▸ **Work instructions**:
Only one span of the listing below should come back. It runs from the line with "(\<forall>u v. E u v \<longrightarrow> E" through the line with "E \<longleftrightarrow> simple_graph", and each of its lines must be reproduced exactly.

--------------------

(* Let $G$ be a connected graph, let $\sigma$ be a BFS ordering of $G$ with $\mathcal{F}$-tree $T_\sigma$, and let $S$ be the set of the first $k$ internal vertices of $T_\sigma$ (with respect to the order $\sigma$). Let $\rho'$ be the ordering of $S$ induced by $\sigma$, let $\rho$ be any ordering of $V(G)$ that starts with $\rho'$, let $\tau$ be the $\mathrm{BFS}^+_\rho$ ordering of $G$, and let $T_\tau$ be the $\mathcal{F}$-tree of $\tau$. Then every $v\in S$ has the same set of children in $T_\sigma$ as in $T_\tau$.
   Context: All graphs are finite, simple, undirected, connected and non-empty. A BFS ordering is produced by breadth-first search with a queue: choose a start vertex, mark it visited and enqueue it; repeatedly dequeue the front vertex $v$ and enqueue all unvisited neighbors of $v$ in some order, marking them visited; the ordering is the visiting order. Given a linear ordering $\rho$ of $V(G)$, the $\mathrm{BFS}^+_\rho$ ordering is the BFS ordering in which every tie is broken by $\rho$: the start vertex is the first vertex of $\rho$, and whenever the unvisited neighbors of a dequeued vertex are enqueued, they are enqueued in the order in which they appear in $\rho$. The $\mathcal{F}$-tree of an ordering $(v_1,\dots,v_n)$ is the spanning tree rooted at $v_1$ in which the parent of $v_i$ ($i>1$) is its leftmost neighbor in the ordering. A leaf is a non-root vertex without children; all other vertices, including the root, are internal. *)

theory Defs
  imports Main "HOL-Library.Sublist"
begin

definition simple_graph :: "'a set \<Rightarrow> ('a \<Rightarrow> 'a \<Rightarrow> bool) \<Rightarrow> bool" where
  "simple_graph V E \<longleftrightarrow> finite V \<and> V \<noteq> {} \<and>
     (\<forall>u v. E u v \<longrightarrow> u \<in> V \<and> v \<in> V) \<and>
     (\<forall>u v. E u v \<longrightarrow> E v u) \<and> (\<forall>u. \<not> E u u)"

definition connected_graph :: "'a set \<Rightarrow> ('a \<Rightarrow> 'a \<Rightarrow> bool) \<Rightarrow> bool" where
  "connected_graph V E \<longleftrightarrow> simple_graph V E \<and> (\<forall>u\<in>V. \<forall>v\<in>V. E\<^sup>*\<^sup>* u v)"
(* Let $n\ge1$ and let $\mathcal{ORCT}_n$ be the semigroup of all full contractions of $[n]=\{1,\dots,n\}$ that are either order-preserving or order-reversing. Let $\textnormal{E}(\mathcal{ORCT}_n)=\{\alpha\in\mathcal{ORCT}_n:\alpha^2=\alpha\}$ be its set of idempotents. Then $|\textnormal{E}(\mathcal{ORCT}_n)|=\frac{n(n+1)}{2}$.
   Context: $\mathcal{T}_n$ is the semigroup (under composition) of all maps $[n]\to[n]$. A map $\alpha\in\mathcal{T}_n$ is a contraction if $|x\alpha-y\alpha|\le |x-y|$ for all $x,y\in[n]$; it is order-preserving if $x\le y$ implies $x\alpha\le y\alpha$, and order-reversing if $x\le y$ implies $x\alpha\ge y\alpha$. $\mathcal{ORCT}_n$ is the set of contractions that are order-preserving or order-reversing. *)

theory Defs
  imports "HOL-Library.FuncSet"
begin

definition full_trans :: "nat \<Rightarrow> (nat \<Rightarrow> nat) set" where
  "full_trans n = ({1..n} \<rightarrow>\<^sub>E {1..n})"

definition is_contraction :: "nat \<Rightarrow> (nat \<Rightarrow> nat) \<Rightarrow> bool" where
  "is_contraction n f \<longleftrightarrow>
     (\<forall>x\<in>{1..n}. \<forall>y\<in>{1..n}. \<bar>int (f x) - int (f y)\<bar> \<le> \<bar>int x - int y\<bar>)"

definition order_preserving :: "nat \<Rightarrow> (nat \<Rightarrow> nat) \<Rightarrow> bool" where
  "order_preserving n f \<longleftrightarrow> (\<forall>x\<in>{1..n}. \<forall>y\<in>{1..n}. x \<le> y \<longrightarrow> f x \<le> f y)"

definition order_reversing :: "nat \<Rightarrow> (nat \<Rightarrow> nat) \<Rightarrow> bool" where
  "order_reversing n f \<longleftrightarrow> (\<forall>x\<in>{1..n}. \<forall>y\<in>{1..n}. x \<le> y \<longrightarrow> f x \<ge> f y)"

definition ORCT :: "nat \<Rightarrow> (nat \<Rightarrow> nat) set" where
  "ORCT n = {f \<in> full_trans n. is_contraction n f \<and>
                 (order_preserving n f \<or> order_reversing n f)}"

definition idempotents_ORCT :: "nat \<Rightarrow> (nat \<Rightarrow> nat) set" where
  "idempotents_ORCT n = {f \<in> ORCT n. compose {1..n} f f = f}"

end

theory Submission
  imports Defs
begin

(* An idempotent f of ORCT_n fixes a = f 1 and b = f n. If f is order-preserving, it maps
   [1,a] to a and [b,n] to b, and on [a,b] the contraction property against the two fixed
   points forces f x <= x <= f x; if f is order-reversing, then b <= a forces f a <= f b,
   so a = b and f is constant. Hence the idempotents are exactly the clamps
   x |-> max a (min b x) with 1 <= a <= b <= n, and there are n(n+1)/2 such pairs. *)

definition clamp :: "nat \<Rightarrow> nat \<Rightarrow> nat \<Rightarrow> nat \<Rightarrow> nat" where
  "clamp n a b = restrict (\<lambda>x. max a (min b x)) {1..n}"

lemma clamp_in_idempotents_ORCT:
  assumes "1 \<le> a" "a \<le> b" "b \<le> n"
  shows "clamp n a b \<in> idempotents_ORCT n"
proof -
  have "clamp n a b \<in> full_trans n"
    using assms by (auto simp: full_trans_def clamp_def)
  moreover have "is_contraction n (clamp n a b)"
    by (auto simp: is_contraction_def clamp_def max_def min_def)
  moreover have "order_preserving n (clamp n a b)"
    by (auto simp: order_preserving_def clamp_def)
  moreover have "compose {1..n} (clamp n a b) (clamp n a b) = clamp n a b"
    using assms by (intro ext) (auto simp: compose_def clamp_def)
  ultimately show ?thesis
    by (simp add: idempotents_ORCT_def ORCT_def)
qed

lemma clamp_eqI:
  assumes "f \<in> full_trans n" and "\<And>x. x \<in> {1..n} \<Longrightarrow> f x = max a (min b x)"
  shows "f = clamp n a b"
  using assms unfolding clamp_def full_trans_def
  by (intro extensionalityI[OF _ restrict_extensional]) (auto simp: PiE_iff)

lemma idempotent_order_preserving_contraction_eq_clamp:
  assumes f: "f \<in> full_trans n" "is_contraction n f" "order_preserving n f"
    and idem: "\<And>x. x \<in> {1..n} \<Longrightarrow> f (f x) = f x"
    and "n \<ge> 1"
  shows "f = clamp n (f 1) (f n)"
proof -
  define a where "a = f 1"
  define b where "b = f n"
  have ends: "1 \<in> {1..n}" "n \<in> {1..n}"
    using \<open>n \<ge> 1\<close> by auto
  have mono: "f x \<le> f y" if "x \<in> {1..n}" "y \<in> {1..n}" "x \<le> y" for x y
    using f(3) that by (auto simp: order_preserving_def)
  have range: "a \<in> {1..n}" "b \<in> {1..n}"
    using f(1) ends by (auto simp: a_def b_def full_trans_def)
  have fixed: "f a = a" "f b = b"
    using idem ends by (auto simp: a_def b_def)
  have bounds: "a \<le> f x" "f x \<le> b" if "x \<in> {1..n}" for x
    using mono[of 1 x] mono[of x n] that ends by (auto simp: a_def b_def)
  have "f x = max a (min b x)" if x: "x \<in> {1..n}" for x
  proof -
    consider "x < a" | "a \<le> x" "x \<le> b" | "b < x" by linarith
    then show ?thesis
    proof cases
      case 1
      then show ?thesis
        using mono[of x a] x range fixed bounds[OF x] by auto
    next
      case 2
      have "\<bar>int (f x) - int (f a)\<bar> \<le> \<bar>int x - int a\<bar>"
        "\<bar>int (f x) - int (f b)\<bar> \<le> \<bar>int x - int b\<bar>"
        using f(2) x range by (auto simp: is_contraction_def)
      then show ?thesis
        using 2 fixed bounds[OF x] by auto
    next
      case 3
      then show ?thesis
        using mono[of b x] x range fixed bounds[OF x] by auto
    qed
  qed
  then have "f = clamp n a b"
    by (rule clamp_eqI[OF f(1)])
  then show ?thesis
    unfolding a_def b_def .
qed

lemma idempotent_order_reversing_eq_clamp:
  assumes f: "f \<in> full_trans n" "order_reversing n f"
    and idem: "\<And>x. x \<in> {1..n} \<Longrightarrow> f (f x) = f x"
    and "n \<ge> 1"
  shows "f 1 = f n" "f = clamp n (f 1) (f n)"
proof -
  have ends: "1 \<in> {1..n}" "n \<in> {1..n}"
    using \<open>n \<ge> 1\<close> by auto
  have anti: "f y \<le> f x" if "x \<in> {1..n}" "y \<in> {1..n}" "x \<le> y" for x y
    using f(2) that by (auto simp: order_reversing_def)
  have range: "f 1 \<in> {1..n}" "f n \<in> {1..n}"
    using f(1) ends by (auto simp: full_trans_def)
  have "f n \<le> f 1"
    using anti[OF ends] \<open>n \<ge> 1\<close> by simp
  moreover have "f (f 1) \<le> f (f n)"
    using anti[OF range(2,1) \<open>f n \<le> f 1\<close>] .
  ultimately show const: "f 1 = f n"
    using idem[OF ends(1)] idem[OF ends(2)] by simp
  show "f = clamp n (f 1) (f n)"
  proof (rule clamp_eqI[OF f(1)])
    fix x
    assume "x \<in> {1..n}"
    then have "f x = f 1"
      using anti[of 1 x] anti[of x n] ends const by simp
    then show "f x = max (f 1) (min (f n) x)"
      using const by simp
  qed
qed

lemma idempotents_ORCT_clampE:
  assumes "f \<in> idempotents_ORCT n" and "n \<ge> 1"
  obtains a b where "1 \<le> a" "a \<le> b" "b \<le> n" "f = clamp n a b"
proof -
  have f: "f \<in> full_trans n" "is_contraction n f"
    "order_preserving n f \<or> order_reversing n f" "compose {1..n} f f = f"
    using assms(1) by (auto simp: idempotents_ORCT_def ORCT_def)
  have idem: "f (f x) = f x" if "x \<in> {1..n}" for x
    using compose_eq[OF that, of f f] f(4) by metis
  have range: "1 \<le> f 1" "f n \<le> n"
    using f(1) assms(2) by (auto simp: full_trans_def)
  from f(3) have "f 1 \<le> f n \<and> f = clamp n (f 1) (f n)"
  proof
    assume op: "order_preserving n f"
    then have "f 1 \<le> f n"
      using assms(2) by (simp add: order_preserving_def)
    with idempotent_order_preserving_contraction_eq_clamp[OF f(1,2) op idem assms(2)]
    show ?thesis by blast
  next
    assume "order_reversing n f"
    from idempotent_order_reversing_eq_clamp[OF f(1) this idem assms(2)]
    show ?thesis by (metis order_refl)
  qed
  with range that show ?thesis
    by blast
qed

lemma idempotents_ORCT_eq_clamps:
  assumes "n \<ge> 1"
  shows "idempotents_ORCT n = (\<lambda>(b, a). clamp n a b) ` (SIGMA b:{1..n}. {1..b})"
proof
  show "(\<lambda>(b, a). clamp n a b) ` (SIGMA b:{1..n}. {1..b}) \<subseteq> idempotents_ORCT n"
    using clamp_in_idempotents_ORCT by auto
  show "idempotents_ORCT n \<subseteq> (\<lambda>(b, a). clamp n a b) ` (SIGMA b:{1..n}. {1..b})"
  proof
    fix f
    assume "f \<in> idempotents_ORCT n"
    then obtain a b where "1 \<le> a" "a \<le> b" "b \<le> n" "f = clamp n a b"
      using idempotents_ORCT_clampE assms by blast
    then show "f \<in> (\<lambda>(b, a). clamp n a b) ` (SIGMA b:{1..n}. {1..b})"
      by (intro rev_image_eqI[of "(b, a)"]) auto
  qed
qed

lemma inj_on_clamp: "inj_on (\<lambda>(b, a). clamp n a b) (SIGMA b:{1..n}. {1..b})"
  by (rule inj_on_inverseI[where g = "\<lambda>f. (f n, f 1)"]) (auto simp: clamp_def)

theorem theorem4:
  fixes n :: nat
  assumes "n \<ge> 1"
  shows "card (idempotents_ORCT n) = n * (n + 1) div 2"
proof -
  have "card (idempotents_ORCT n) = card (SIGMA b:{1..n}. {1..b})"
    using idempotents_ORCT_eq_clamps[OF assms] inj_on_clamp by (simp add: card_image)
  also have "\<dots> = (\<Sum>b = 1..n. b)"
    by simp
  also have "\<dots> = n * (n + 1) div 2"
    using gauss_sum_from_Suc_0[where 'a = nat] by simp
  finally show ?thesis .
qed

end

--------------------

▸ **Response for this exercise**:
     (\<forall>u v. E u v \<longrightarrow> E v u) \<and> (\<forall>u. \<not> E u u)"

definition connected_graph :: "'a set \<Rightarrow> ('a \<Rightarrow> 'a \<Rightarrow> bool) \<Rightarrow> bool" where
  "connected_graph V E \<longleftrightarrow> simple_graph V E \<and> (\<forall>u\<in>V. \<forall>v\<in>V. E\<^sup>*\<^sup>* u v)"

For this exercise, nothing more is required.